Records supplied:

(* Let $\mathfrak g$ be a finite-dimensional nilpotent Lie algebra over a field $k$ of characteristic zero. If $\mathfrak g$ admits an LR-structure, then $\mathfrak g$ also admits a complete LR-structure.
   Context: An LR-algebra is a vector space $A$ with a bilinear product $\cdot$ satisfying $x\cdot(y\cdot z)=y\cdot(x\cdot z)$ and $(x\cdot y)\cdot z=(x\cdot z)\cdot y$ for all $x,y,z\in A$. An LR-structure on a Lie algebra $\mathfrak g$ is an LR-algebra product $\cdot$ on the underlying vector space of $\mathfrak g$ such that $x\cdot y-y\cdot x=[x,y]$ for all $x,y$. With $R(x)y=y\cdot x$, an LR-structure is called complete if $R(x)$ is nilpotent for every $x$. *)

theory Defs
  imports Main "HOL.Vector_Spaces"
begin

text \<open>A Lie algebra is modelled on the whole carrier type 'v, which is a vector space
  over the field 'k via the scalar multiplication scale (library locale vector_space).\<close>

definition bilinear_map :: "('k::field \<Rightarrow> 'v::ab_group_add \<Rightarrow> 'v) \<Rightarrow> ('v \<Rightarrow> 'v \<Rightarrow> 'v) \<Rightarrow> bool" where
  "bilinear_map scale p \<longleftrightarrow>
     (\<forall>x y z. p (x + y) z = p x z + p y z) \<and>
     (\<forall>x y z. p x (y + z) = p x y + p x z) \<and>
     (\<forall>a x y. p (scale a x) y = scale a (p x y)) \<and>
     (\<forall>a x y. p x (scale a y) = scale a (p x y))"

definition lie_algebra :: "('k::field \<Rightarrow> 'v::ab_group_add \<Rightarrow> 'v) \<Rightarrow> ('v \<Rightarrow> 'v \<Rightarrow> 'v) \<Rightarrow> bool" where
  "lie_algebra scale br \<longleftrightarrow>
     vector_space scale \<and> bilinear_map scale br \<and>
     (\<forall>x. br x x = 0) \<and>
     (\<forall>x y z. br x (br y z) + br y (br z x) + br z (br x y) = 0)"

definition finite_dimensional :: "('k::field \<Rightarrow> 'v::ab_group_add \<Rightarrow> 'v) \<Rightarrow> bool" where
  "finite_dimensional scale \<longleftrightarrow> (\<exists>B. finite B \<and> module.span scale B = UNIV)"

primrec lower_central_series ::
  "('k::field \<Rightarrow> 'v::ab_group_add \<Rightarrow> 'v) \<Rightarrow> ('v \<Rightarrow> 'v \<Rightarrow> 'v) \<Rightarrow> nat \<Rightarrow> 'v set" where
  "lower_central_series scale br 0 = UNIV"
| "lower_central_series scale br (Suc n) =
     module.span scale {br x y | x y. y \<in> lower_central_series scale br n}"

definition nilpotent_lie :: "('k::field \<Rightarrow> 'v::ab_group_add \<Rightarrow> 'v) \<Rightarrow> ('v \<Rightarrow> 'v \<Rightarrow> 'v) \<Rightarrow> bool" where
  "nilpotent_lie scale br \<longleftrightarrow> (\<exists>n. lower_central_series scale br n = {0})"

definition LR_structure ::
  "('k::field \<Rightarrow> 'v::ab_group_add \<Rightarrow> 'v) \<Rightarrow> ('v \<Rightarrow> 'v \<Rightarrow> 'v) \<Rightarrow> ('v \<Rightarrow> 'v \<Rightarrow> 'v) \<Rightarrow> bool" where
  "LR_structure scale br p \<longleftrightarrow>
     bilinear_map scale p \<and>
     (\<forall>x y z. p x (p y z) = p y (p x z)) \<and>
     (\<forall>x y z. p (p x y) z = p (p x z) y) \<and>
     (\<forall>x y. p x y - p y x = br x y)"

definition complete_LR_structure ::
  "('k::field \<Rightarrow> 'v::ab_group_add \<Rightarrow> 'v) \<Rightarrow> ('v \<Rightarrow> 'v \<Rightarrow> 'v) \<Rightarrow> ('v \<Rightarrow> 'v \<Rightarrow> 'v) \<Rightarrow> bool" where
  "complete_LR_structure scale br p \<longleftrightarrow>
     LR_structure scale br p \<and> (\<forall>x. \<exists>n. ((\<lambda>y. p y x) ^^ n) = (\<lambda>_. 0))"

end

theory Submission
  imports Defs
begin

text \<open>
  For an LR-product p call v a nil vector if every right multiplication
  R(y) = (\<lambda>z. p z y) is nilpotent on v; p is complete iff all vectors are nil vectors.
  If some R(e) is not nilpotent on some v, take the Fitting decomposition V = K \<oplus> I of
  R(e), where S = R(e)^N has kernel K and image I.  The LR-identities show that K is a
  right ideal and I a commutative two-sided ideal, hence K annihilates I, and the product
  q x y = p x (\<pi> y), with \<pi> the projection onto K along I, is again an LR-structure
  for the same Lie bracket.  Its nil vectors contain those of p (this uses that the
  adjoint maps are nilpotent) and the I-component of v, which is no nil vector of p.
  Since the nil vectors form a subspace, their dimension strictly grows, so finitely
  many steps produce a complete LR-structure.
\<close>

lemma funpow_zero_mono:
  fixes f :: "'a::zero \<Rightarrow> 'a"
  assumes "f 0 = 0" and "(f ^^ n) x = 0" and "n \<le> m"
  shows "(f ^^ m) x = 0"
proof -
  define k where "k = m - n"
  have m: "m = k + n" using assms(3) by (simp add: k_def)
  have "(f ^^ j) 0 = 0" for j by (induction j) (simp_all add: assms(1))
  then show ?thesis using assms(2) by (simp add: m funpow_add)
qed

lemma funpow_eq_on_invariant:
  fixes f g :: "'a \<Rightarrow> 'a"
  assumes agree: "\<And>x. x \<in> A \<Longrightarrow> f x = g x"
    and invariant: "\<And>x. x \<in> A \<Longrightarrow> f x \<in> A"
    and "x \<in> A"
  shows "(f ^^ n) x = (g ^^ n) x"
  using \<open>x \<in> A\<close>
proof (induction n arbitrary: x)
  case (Suc n)
  have "(f ^^ Suc n) x = (g ^^ n) (f x)"
    using Suc.IH[OF invariant[OF Suc.prems]] by (simp add: funpow_Suc_right del: funpow.simps)
  also have "\<dots> = (g ^^ Suc n) x"
    using agree[OF Suc.prems] by (simp add: funpow_Suc_right del: funpow.simps)
  finally show ?case .
qed simp

lemma iterate_stable:
  assumes step: "\<And>n. A (Suc n) = F (A n)" and stable: "A (Suc n0) = A n0" and "n0 \<le> m"
  shows "A m = A n0"
  using \<open>n0 \<le> m\<close>
proof (induction m rule: dec_induct)
  case (step m)
  then show ?case using assms(1)[of m] assms(1)[of n0] stable by simp
qed simp

lemma uniform_nilpotency_index:
  fixes f :: "'a::zero \<Rightarrow> 'a"
  assumes "finite B" and "f 0 = 0" and "\<forall>b\<in>B. \<exists>n. (f ^^ n) b = 0"
  shows "\<exists>n. \<forall>b\<in>B. (f ^^ n) b = 0"
  using assms(1,3)
proof (induction B rule: finite_induct)
  case (insert b B)
  obtain n where n: "\<forall>c\<in>B. (f ^^ n) c = 0" using insert by blast
  obtain m where m: "(f ^^ m) b = 0" using insert.prems by blast
  have "(f ^^ max n m) c = 0" if "c \<in> insert b B" for c
  proof (cases "c = b")
    case True
    then show ?thesis using funpow_zero_mono[of f m b "max n m"] assms(2) m by simp
  next
    case False
    then show ?thesis using that n funpow_zero_mono[of f n c "max n m"] assms(2) by simp
  qed
  then show ?case by blast
qed simp

text \<open>Linear endomorphisms of a vector space are handled with the library lemmas about
  linear maps between two vector spaces, instantiated with both spaces equal.\<close>

sublocale vector_space \<subseteq> endo: vector_space_pair scale scale ..

context vector_space
begin

abbreviation endomorphism :: "('b \<Rightarrow> 'b) \<Rightarrow> bool" where
  "endomorphism T \<equiv> Vector_Spaces.linear scale scale T"

lemma endomorphism_funpow: "endomorphism T \<Longrightarrow> endomorphism (T ^^ n)"
  by (induction n) (simp_all add: linear_id Vector_Spaces.linear_compose)

end

context finite_dimensional_vector_space
begin

text \<open>In a finite-dimensional space an increasing chain of subspaces becomes stationary,
  since a strict inclusion raises the dimension.\<close>

lemma ascending_chain_stabilizes:
  assumes sub: "\<And>n. subspace (A n)" and mono: "\<And>n. A n \<subseteq> A (Suc n)"
  shows "\<exists>n. A (Suc n) = A n"
proof (rule ccontr)
  assume "\<nexists>n. A (Suc n) = A n"
  then have strict: "dim (A n) < dim (A (Suc n))" for n
    using mono[of n] by (metis dim_psubset psubsetI span_eq_iff sub)
  have "n \<le> dim (A n)" for n
  proof (induction n)
    case (Suc n)
    then show ?case using strict[of n] by linarith
  qed simp
  then have "Suc dimension \<le> dimension" using dim_subset_UNIV le_trans by blast
  then show False by simp
qed

lemma descending_chain_stabilizes:
  assumes sub: "\<And>n. subspace (A n)" and anti: "\<And>n. A (Suc n) \<subseteq> A n"
  shows "\<exists>n. A (Suc n) = A n"
proof (rule ccontr)
  assume "\<nexists>n. A (Suc n) = A n"
  then have strict: "dim (A (Suc n)) < dim (A n)" for n
    using anti[of n] by (metis dim_psubset psubsetI span_eq_iff sub)
  have "dim (A n) + n \<le> dim (A 0)" for n
  proof (induction n)
    case (Suc n)
    then show ?case using strict[of n] by linarith
  qed simp
  then have "dim (A (Suc dimension)) + Suc dimension \<le> dimension"
    using dim_subset_UNIV le_trans by blast
  then show False by simp
qed

end

locale complementary_subspaces = vector_space +
  fixes K I :: "'b set"
  assumes subspace_K: "subspace K"
    and subspace_I: "subspace I"
    and K_inter_I: "K \<inter> I \<subseteq> {0}"
    and K_plus_I: "\<exists>a\<in>K. u - a \<in> I"
begin

definition proj :: "'b \<Rightarrow> 'b" where
  "proj u = (SOME a. a \<in> K \<and> u - a \<in> I)"

lemma proj_in_K: "proj u \<in> K"
  and proj_complement_in_I: "u - proj u \<in> I"
  using someI_ex[of "\<lambda>a. a \<in> K \<and> u - a \<in> I"] K_plus_I[of u] by (auto simp: proj_def)

lemma proj_unique:
  assumes "a \<in> K" and "u - a \<in> I"
  shows "proj u = a"
proof -
  have "proj u - a \<in> K" using subspace_diff[OF subspace_K proj_in_K assms(1)] .
  moreover have "proj u - a = (u - a) - (u - proj u)" by (simp add: algebra_simps)
  then have "proj u - a \<in> I" using subspace_diff[OF subspace_I assms(2) proj_complement_in_I[of u]] by simp
  ultimately show ?thesis using K_inter_I by auto
qed

text \<open>Uniqueness of the decomposition makes the projection linear.\<close>

lemma linear_proj: "endomorphism proj"
proof -
  have "proj (x + y) = proj x + proj y" for x y
  proof (rule proj_unique)
    show "proj x + proj y \<in> K" using subspace_add[OF subspace_K proj_in_K proj_in_K] .
    have "(x - proj x) + (y - proj y) \<in> I"
      using subspace_add[OF subspace_I proj_complement_in_I proj_complement_in_I] .
    then show "x + y - (proj x + proj y) \<in> I" by (simp add: algebra_simps)
  qed
  moreover have "proj (c *s x) = c *s proj x" for c x
  proof (rule proj_unique)
    show "c *s proj x \<in> K" using subspace_scale[OF subspace_K proj_in_K] .
    have "c *s (x - proj x) \<in> I" using subspace_scale[OF subspace_I proj_complement_in_I] .
    then show "c *s x - c *s proj x \<in> I" by (simp add: scale_right_diff_distrib)
  qed
  ultimately show ?thesis using vector_space_axioms by (simp add: linear_iff)
qed

end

Try it: Your task is to find each line in the entries that contains the string "imports" and copy it.

Solution to the problem:
  imports Main "HOL.Vector_Spaces"
  imports Defs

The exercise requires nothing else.